* _Record excerpts_:

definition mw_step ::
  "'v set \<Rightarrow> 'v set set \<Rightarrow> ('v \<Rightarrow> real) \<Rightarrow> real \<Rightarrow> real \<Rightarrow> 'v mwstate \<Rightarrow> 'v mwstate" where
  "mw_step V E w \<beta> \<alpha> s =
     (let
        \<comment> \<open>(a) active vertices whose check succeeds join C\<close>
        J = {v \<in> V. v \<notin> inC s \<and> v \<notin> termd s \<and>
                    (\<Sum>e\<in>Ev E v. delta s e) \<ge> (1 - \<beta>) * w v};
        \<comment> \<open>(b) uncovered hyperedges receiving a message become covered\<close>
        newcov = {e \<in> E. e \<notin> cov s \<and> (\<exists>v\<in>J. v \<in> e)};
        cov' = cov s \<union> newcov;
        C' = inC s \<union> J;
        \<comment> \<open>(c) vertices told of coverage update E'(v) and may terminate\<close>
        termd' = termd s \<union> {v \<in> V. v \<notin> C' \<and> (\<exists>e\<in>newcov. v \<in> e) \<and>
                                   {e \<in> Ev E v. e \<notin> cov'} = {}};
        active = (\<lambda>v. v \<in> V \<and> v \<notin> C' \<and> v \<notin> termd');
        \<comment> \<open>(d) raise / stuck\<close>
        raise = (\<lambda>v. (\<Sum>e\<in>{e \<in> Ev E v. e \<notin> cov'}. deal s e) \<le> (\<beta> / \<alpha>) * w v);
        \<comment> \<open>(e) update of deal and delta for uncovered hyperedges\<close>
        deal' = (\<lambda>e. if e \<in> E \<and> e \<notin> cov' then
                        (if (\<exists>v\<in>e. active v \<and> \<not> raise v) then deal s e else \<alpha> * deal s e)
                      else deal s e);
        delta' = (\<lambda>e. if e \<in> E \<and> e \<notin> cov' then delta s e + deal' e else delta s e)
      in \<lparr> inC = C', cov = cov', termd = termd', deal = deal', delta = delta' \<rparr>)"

* _Directions for this task_: Would you please copy exactly the part of the entries above that begins at the line containing "raise = (\<lambda>v." and ends at the line containing "else deal s e);", both lines included?

* _Exercise solution_:
        raise = (\<lambda>v. (\<Sum>e\<in>{e \<in> Ev E v. e \<notin> cov'}. deal s e) \<le> (\<beta> / \<alpha>) * w v);
        \<comment> \<open>(e) update of deal and delta for uncovered hyperedges\<close>
        deal' = (\<lambda>e. if e \<in> E \<and> e \<notin> cov' then
                        (if (\<exists>v\<in>e. active v \<and> \<not> raise v) then deal s e else \<alpha> * deal s e)
                      else deal s e);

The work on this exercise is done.